_INSTRUCTIONS FOR THE TASK_
Write out the data below exactly, beginning with the first line and ending once the line that has "M)) = (\<Sum>d<n." is written.

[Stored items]
▼

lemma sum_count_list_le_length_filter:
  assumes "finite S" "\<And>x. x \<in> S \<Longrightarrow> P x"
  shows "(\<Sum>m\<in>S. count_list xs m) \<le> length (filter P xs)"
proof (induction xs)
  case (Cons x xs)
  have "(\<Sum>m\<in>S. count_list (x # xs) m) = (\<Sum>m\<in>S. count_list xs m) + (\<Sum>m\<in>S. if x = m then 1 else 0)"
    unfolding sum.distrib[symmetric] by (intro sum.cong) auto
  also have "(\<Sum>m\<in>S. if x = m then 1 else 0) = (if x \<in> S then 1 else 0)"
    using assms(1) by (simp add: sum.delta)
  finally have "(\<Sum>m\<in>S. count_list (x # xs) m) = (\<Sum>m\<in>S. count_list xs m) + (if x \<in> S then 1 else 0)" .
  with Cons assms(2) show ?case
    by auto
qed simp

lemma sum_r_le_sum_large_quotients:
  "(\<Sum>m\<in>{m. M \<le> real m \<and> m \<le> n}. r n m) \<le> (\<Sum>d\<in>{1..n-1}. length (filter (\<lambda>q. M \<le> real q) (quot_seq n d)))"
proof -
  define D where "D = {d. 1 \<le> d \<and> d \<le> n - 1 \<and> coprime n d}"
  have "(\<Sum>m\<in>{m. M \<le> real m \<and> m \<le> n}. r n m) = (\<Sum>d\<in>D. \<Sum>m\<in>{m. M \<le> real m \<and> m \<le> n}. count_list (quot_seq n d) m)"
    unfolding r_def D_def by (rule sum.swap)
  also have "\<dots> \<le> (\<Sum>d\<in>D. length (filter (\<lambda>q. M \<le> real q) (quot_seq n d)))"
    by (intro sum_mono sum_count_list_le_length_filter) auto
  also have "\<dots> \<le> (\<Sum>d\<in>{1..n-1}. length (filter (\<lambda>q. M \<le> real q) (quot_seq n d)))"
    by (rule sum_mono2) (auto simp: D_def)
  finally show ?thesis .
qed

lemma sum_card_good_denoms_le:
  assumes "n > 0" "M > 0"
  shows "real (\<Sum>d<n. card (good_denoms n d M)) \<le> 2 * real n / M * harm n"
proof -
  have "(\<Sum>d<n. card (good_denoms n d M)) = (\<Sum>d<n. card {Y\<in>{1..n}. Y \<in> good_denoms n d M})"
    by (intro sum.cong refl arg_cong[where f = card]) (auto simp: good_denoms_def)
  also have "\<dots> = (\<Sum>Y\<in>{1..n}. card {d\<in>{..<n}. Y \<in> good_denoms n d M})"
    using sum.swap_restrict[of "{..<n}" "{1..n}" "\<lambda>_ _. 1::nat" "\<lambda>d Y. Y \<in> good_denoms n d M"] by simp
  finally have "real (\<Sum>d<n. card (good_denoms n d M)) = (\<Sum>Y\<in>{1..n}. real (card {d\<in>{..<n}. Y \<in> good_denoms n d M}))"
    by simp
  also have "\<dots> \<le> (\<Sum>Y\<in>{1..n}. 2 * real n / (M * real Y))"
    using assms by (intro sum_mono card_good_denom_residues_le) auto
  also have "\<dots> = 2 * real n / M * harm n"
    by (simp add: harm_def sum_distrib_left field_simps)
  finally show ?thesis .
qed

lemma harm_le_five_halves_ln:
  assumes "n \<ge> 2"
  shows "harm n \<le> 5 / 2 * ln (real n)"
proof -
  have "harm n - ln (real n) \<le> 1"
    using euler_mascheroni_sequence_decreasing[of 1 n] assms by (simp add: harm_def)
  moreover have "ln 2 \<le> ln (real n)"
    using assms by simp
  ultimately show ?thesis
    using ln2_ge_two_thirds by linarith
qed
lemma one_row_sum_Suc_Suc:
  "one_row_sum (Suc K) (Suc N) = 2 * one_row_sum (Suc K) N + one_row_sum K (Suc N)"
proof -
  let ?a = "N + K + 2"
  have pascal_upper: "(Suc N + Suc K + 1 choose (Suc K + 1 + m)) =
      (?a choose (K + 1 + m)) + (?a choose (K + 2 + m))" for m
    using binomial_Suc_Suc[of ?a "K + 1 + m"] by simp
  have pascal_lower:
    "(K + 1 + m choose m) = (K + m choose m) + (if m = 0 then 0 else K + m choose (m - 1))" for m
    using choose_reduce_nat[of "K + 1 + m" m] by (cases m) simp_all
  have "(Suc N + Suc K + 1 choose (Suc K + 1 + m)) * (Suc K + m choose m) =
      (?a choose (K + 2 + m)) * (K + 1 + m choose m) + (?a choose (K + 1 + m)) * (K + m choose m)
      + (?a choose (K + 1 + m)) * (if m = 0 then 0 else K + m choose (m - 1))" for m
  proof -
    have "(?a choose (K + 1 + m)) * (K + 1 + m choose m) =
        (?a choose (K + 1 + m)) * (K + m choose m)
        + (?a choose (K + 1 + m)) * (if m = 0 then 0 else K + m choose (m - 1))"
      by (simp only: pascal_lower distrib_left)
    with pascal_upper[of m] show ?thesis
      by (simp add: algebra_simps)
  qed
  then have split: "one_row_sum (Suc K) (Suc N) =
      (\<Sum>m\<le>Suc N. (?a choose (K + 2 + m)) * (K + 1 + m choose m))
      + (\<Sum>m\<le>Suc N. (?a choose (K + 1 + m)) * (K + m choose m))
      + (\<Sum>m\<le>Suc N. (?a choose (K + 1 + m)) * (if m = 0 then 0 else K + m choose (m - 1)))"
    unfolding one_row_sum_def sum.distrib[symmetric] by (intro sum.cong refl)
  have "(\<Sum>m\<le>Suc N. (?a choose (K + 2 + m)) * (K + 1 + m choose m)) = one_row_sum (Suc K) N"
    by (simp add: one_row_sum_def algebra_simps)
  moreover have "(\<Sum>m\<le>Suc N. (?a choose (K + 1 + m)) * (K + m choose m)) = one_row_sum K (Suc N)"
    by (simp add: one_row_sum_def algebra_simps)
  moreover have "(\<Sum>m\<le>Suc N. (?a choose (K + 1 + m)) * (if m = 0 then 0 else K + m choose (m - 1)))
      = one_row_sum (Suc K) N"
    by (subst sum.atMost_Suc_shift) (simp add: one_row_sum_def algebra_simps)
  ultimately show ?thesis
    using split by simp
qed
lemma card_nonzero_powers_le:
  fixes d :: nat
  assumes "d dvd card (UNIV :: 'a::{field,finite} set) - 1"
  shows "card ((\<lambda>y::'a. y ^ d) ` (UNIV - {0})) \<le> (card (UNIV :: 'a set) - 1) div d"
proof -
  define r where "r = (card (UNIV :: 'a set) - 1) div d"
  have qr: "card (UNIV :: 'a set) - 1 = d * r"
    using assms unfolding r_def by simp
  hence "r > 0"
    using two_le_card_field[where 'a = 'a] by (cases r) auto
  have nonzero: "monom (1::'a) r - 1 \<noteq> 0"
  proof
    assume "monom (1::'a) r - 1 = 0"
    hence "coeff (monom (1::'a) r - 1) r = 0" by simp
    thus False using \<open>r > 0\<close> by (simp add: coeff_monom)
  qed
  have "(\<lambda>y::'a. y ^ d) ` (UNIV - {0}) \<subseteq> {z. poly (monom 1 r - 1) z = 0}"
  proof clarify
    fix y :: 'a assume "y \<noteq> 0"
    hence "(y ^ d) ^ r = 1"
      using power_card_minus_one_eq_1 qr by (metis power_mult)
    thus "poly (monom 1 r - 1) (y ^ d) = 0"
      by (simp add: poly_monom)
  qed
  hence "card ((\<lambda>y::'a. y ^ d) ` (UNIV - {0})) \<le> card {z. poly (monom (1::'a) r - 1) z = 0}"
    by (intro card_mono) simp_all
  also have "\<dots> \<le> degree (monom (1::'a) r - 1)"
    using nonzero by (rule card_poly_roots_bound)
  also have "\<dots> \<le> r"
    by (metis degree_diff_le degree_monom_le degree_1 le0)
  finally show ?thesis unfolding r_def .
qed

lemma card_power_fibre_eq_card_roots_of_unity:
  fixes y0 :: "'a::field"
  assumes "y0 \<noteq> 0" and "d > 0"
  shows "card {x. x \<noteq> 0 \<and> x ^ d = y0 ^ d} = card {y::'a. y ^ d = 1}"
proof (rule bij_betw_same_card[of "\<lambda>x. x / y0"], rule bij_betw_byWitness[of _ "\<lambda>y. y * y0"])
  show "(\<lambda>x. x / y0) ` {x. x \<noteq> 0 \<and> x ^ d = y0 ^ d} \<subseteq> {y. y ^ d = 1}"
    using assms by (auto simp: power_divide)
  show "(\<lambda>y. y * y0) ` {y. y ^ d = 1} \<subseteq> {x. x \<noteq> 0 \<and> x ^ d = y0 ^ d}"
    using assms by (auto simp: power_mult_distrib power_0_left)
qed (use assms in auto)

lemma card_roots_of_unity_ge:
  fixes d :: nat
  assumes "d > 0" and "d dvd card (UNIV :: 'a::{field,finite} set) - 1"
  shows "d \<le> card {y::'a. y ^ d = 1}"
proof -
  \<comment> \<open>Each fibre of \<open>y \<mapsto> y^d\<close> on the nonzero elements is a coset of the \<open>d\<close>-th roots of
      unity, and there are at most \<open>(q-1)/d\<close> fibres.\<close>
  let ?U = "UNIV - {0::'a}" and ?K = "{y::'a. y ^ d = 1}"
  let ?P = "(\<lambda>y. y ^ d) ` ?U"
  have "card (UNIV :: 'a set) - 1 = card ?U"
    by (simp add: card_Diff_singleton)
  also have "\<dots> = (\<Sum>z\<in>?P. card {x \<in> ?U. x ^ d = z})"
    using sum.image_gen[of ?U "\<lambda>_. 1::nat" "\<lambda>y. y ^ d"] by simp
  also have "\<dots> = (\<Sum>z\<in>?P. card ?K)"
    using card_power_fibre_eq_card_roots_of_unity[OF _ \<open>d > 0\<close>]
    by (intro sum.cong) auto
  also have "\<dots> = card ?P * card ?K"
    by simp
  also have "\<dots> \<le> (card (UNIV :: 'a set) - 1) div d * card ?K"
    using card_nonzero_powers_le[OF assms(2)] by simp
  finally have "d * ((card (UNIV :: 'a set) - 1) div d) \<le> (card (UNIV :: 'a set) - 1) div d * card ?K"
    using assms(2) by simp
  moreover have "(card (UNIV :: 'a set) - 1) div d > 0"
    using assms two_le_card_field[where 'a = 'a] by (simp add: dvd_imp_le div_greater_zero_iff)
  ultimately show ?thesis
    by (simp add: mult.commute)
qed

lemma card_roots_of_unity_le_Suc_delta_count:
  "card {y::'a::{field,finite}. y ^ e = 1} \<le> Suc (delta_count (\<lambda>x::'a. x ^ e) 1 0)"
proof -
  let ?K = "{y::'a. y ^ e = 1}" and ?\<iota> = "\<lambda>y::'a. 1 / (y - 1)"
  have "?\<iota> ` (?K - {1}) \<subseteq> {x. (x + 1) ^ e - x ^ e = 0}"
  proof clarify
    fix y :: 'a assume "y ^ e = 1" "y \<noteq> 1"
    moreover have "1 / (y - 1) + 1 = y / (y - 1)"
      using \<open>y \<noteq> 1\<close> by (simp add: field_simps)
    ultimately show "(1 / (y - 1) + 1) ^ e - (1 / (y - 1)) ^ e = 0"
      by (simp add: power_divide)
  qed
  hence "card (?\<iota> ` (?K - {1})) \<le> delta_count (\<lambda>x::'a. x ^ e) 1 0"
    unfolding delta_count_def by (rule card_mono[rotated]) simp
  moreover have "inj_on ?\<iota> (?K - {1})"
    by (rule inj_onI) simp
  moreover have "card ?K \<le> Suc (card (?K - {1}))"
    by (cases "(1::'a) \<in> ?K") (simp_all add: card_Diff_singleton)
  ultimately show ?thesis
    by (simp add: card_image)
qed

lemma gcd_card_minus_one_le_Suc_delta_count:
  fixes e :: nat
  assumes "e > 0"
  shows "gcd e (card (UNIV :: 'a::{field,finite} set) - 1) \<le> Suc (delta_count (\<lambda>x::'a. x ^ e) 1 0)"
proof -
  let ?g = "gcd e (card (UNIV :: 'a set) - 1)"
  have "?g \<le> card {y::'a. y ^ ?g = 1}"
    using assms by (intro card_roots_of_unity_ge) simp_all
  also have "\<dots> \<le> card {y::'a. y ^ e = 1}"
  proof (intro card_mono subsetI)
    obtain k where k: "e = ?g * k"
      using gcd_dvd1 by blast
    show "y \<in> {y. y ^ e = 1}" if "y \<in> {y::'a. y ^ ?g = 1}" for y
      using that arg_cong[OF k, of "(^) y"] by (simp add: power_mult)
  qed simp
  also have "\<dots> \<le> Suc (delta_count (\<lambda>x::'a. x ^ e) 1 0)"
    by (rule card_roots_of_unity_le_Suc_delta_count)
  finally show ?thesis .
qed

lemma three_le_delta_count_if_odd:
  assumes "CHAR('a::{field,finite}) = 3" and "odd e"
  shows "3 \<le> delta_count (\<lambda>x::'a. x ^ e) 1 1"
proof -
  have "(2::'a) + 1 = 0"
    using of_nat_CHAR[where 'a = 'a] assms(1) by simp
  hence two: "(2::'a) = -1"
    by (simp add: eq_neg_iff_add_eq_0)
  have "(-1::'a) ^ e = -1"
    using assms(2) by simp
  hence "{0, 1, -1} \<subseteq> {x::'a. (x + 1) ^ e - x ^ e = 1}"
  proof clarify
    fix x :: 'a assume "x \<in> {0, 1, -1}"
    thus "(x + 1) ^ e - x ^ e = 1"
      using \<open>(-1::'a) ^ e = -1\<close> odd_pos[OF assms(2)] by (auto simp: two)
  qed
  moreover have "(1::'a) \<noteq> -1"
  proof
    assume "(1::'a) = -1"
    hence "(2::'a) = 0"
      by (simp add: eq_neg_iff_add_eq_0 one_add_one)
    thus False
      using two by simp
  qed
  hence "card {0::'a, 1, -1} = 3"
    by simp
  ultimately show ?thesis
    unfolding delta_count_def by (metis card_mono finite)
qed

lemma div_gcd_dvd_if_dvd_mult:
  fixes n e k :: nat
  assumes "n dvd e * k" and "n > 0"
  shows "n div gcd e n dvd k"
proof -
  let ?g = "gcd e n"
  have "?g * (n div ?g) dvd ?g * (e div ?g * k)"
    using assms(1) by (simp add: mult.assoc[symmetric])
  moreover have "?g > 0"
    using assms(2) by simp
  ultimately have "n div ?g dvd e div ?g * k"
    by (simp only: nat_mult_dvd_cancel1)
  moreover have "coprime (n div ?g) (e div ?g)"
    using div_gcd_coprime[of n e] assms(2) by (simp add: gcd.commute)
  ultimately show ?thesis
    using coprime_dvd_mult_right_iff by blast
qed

▲

_ANSWER_
lemma sum_count_list_le_length_filter:
  assumes "finite S" "\<And>x. x \<in> S \<Longrightarrow> P x"
  shows "(\<Sum>m\<in>S. count_list xs m) \<le> length (filter P xs)"
proof (induction xs)
  case (Cons x xs)
  have "(\<Sum>m\<in>S. count_list (x # xs) m) = (\<Sum>m\<in>S. count_list xs m) + (\<Sum>m\<in>S. if x = m then 1 else 0)"
    unfolding sum.distrib[symmetric] by (intro sum.cong) auto
  also have "(\<Sum>m\<in>S. if x = m then 1 else 0) = (if x \<in> S then 1 else 0)"
    using assms(1) by (simp add: sum.delta)
  finally have "(\<Sum>m\<in>S. count_list (x # xs) m) = (\<Sum>m\<in>S. count_list xs m) + (if x \<in> S then 1 else 0)" .
  with Cons assms(2) show ?case
    by auto
qed simp

lemma sum_r_le_sum_large_quotients:
  "(\<Sum>m\<in>{m. M \<le> real m \<and> m \<le> n}. r n m) \<le> (\<Sum>d\<in>{1..n-1}. length (filter (\<lambda>q. M \<le> real q) (quot_seq n d)))"
proof -
  define D where "D = {d. 1 \<le> d \<and> d \<le> n - 1 \<and> coprime n d}"
  have "(\<Sum>m\<in>{m. M \<le> real m \<and> m \<le> n}. r n m) = (\<Sum>d\<in>D. \<Sum>m\<in>{m. M \<le> real m \<and> m \<le> n}. count_list (quot_seq n d) m)"
    unfolding r_def D_def by (rule sum.swap)
  also have "\<dots> \<le> (\<Sum>d\<in>D. length (filter (\<lambda>q. M \<le> real q) (quot_seq n d)))"
    by (intro sum_mono sum_count_list_le_length_filter) auto
  also have "\<dots> \<le> (\<Sum>d\<in>{1..n-1}. length (filter (\<lambda>q. M \<le> real q) (quot_seq n d)))"
    by (rule sum_mono2) (auto simp: D_def)
  finally show ?thesis .
qed

lemma sum_card_good_denoms_le:
  assumes "n > 0" "M > 0"
  shows "real (\<Sum>d<n. card (good_denoms n d M)) \<le> 2 * real n / M * harm n"
proof -
  have "(\<Sum>d<n. card (good_denoms n d M)) = (\<Sum>d<n. card {Y\<in>{1..n}. Y \<in> good_denoms n d M})"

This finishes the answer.